** Opening Provided records block **
definition vclass :: "gword set \<Rightarrow> nat \<Rightarrow> gword \<Rightarrow> gword set" where
  "vclass W k w = {v \<in> words k. veq W w v}"

text \<open>The relatively free group F_k(V) of rank k of the variety defined by W;
  its free generators are vclass W k (GVar i), i < k.\<close>
definition rel_free_group :: "gword set \<Rightarrow> nat \<Rightarrow> gword set monoid" where
  "rel_free_group W k =
    \<lparr> carrier = vclass W k ` words k,
      mult = (\<lambda>A B. vclass W k (GMul (SOME a. a \<in> A) (SOME b. b \<in> B))),
      one = vclass W k GOne \<rparr>"

end

theory Submission
  imports Defs
begin

text \<open>
  Let \<open>F = F\<^sub>k(\<V>)\<close> with free generators \<open>x\<^sub>0, \<dots>, x\<^sub>k\<^sub>-\<^sub>1\<close>. Killing \<open>x\<^sub>i\<close> is a substitution,
  so it induces an idempotent endomorphism \<open>\<rho>\<^sub>i\<close> of \<open>F\<close> which fixes the subgroup \<open>H\<^sub>i\<close>
  generated by the other free generators. Hence distinct elements of \<open>N\<^sub>i = ker \<rho>\<^sub>i\<close> lie in
  distinct right cosets of \<open>H\<^sub>i\<close>, and finite index of \<open>H\<^sub>i\<close> forces \<open>N\<^sub>i\<close> to be finite.
  Swapping \<open>x\<^sub>i\<close> and \<open>x\<^sub>j\<close> is an automorphism carrying \<open>N\<^sub>j\<close> into \<open>N\<^sub>i\<close>, so then every \<open>N\<^sub>j\<close>
  is finite. Finally, writing \<open>y = \<rho>\<^sub>j(y) \<cdot> n\<close> with \<open>n \<in> N\<^sub>j\<close> for \<open>j = 0, \<dots>, k-1\<close> in turn shows
  \<open>F = N\<^sub>k\<^sub>-\<^sub>1 \<cdots> N\<^sub>0\<close>, because killing all generators kills everything; so \<open>F\<close> is finite.
\<close>

section \<open>Retractions of a group\<close>

fun comp_upto :: "(nat \<Rightarrow> 'a \<Rightarrow> 'a) \<Rightarrow> nat \<Rightarrow> 'a \<Rightarrow> 'a" where
  "comp_upto r 0 = id"
| "comp_upto r (Suc t) = r t \<circ> comp_upto r t"

context group
begin

lemma hom_fixes_generate:
  assumes r: "r \<in> hom G G" and K: "K \<subseteq> carrier G" and fixed: "\<And>x. x \<in> K \<Longrightarrow> r x = x"
    and h: "h \<in> generate G K"
  shows "r h = h"
  using h
proof induction
  case one
  show ?case using r by (simp add: hom_one is_group)
next
  case (incl h)
  then show ?case by (rule fixed)
next
  case (inv h)
  interpret group_hom G G r using r by (simp add: group_hom_def group_hom_axioms_def is_group)
  show ?case using inv K fixed by auto
next
  case (eng h1 h2)
  then show ?case using r generate_in_carrier[OF K] by (simp add: hom_mult)
qed

text \<open>If an endomorphism \<open>r\<close> fixes the subgroup \<open>H\<close> pointwise, distinct elements of its kernel
  lie in distinct right cosets of \<open>H\<close>: from \<open>v = h u\<close> we get \<open>1 = r v = h \<cdot> r u = h\<close>.\<close>
lemma retraction_kernel_cosets_inj:
  assumes r: "r \<in> hom G G" and H: "subgroup H G" and fixed: "\<And>h. h \<in> H \<Longrightarrow> r h = h"
  shows "inj_on (\<lambda>x. H #> x) (kernel G G r)"
proof (rule inj_onI)
  interpret group_hom G G r using r by (simp add: group_hom_def group_hom_axioms_def is_group)
  fix u v assume u: "u \<in> kernel G G r" and v: "v \<in> kernel G G r" and eq: "H #> u = H #> v"
  have uG: "u \<in> carrier G" and vG: "v \<in> carrier G" and ru: "r u = \<one>" and rv: "r v = \<one>"
    using u v by (auto simp: kernel_def)
  have "v \<in> H #> u" using eq H vG by (metis rcos_self)
  then obtain h where hH: "h \<in> H" and v_eq: "v = h \<otimes> u" by (auto simp: r_coset_def)
  have hG: "h \<in> carrier G" using hH H by (simp add: subgroup.mem_carrier)
  have "\<one> = r h \<otimes> r u" using rv v_eq hG uG by simp
  then have "h = \<one>" using ru fixed[OF hH] hG by simp
  then show "u = v" using v_eq uG by simp
qed

lemma finite_kernel_of_finite_index:
  assumes r: "r \<in> hom G G" and H: "subgroup H G" and fixed: "\<And>h. h \<in> H \<Longrightarrow> r h = h"
    and fin: "finite (rcosets H)"
  shows "finite (kernel G G r)"
proof -
  have "(\<lambda>x. H #> x) ` kernel G G r \<subseteq> rcosets H"
    by (auto simp: RCOSETS_def kernel_def)
  then show ?thesis
    using finite_imageD[OF _ retraction_kernel_cosets_inj[OF r H fixed]] finite_subset fin by blast
qed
** Closing Provided records block **
### Try it
Output each line of the material exactly, keeping every word as it appears.

### Answer to the exercise
definition vclass :: "gword set \<Rightarrow> nat \<Rightarrow> gword \<Rightarrow> gword set" where
  "vclass W k w = {v \<in> words k. veq W w v}"

text \<open>The relatively free group F_k(V) of rank k of the variety defined by W;
  its free generators are vclass W k (GVar i), i < k.\<close>
definition rel_free_group :: "gword set \<Rightarrow> nat \<Rightarrow> gword set monoid" where
  "rel_free_group W k =
    \<lparr> carrier = vclass W k ` words k,
      mult = (\<lambda>A B. vclass W k (GMul (SOME a. a \<in> A) (SOME b. b \<in> B))),
      one = vclass W k GOne \<rparr>"

end

theory Submission
  imports Defs
begin

text \<open>
  Let \<open>F = F\<^sub>k(\<V>)\<close> with free generators \<open>x\<^sub>0, \<dots>, x\<^sub>k\<^sub>-\<^sub>1\<close>. Killing \<open>x\<^sub>i\<close> is a substitution,
  so it induces an idempotent endomorphism \<open>\<rho>\<^sub>i\<close> of \<open>F\<close> which fixes the subgroup \<open>H\<^sub>i\<close>
  generated by the other free generators. Hence distinct elements of \<open>N\<^sub>i = ker \<rho>\<^sub>i\<close> lie in
  distinct right cosets of \<open>H\<^sub>i\<close>, and finite index of \<open>H\<^sub>i\<close> forces \<open>N\<^sub>i\<close> to be finite.
  Swapping \<open>x\<^sub>i\<close> and \<open>x\<^sub>j\<close> is an automorphism carrying \<open>N\<^sub>j\<close> into \<open>N\<^sub>i\<close>, so then every \<open>N\<^sub>j\<close>
  is finite. Finally, writing \<open>y = \<rho>\<^sub>j(y) \<cdot> n\<close> with \<open>n \<in> N\<^sub>j\<close> for \<open>j = 0, \<dots>, k-1\<close> in turn shows
  \<open>F = N\<^sub>k\<^sub>-\<^sub>1 \<cdots> N\<^sub>0\<close>, because killing all generators kills everything; so \<open>F\<close> is finite.
\<close>

section \<open>Retractions of a group\<close>

fun comp_upto :: "(nat \<Rightarrow> 'a \<Rightarrow> 'a) \<Rightarrow> nat \<Rightarrow> 'a \<Rightarrow> 'a" where
  "comp_upto r 0 = id"
| "comp_upto r (Suc t) = r t \<circ> comp_upto r t"

context group
begin

lemma hom_fixes_generate:
  assumes r: "r \<in> hom G G" and K: "K \<subseteq> carrier G" and fixed: "\<And>x. x \<in> K \<Longrightarrow> r x = x"
    and h: "h \<in> generate G K"
  shows "r h = h"
  using h
proof induction
  case one
  show ?case using r by (simp add: hom_one is_group)
next
  case (incl h)
  then show ?case by (rule fixed)
next
  case (inv h)
  interpret group_hom G G r using r by (simp add: group_hom_def group_hom_axioms_def is_group)
  show ?case using inv K fixed by auto
next
  case (eng h1 h2)
  then show ?case using r generate_in_carrier[OF K] by (simp add: hom_mult)
qed

text \<open>If an endomorphism \<open>r\<close> fixes the subgroup \<open>H\<close> pointwise, distinct elements of its kernel
  lie in distinct right cosets of \<open>H\<close>: from \<open>v = h u\<close> we get \<open>1 = r v = h \<cdot> r u = h\<close>.\<close>
lemma retraction_kernel_cosets_inj:
  assumes r: "r \<in> hom G G" and H: "subgroup H G" and fixed: "\<And>h. h \<in> H \<Longrightarrow> r h = h"
  shows "inj_on (\<lambda>x. H #> x) (kernel G G r)"
proof (rule inj_onI)
  interpret group_hom G G r using r by (simp add: group_hom_def group_hom_axioms_def is_group)
  fix u v assume u: "u \<in> kernel G G r" and v: "v \<in> kernel G G r" and eq: "H #> u = H #> v"
  have uG: "u \<in> carrier G" and vG: "v \<in> carrier G" and ru: "r u = \<one>" and rv: "r v = \<one>"
    using u v by (auto simp: kernel_def)
  have "v \<in> H #> u" using eq H vG by (metis rcos_self)
  then obtain h where hH: "h \<in> H" and v_eq: "v = h \<otimes> u" by (auto simp: r_coset_def)
  have hG: "h \<in> carrier G" using hH H by (simp add: subgroup.mem_carrier)
  have "\<one> = r h \<otimes> r u" using rv v_eq hG uG by simp
  then have "h = \<one>" using ru fixed[OF hH] hG by simp
  then show "u = v" using v_eq uG by simp
qed

lemma finite_kernel_of_finite_index:
  assumes r: "r \<in> hom G G" and H: "subgroup H G" and fixed: "\<And>h. h \<in> H \<Longrightarrow> r h = h"
    and fin: "finite (rcosets H)"
  shows "finite (kernel G G r)"
proof -
  have "(\<lambda>x. H #> x) ` kernel G G r \<subseteq> rcosets H"
    by (auto simp: RCOSETS_def kernel_def)
  then show ?thesis
    using finite_imageD[OF _ retraction_kernel_cosets_inj[OF r H fixed]] finite_subset fin by blast
qed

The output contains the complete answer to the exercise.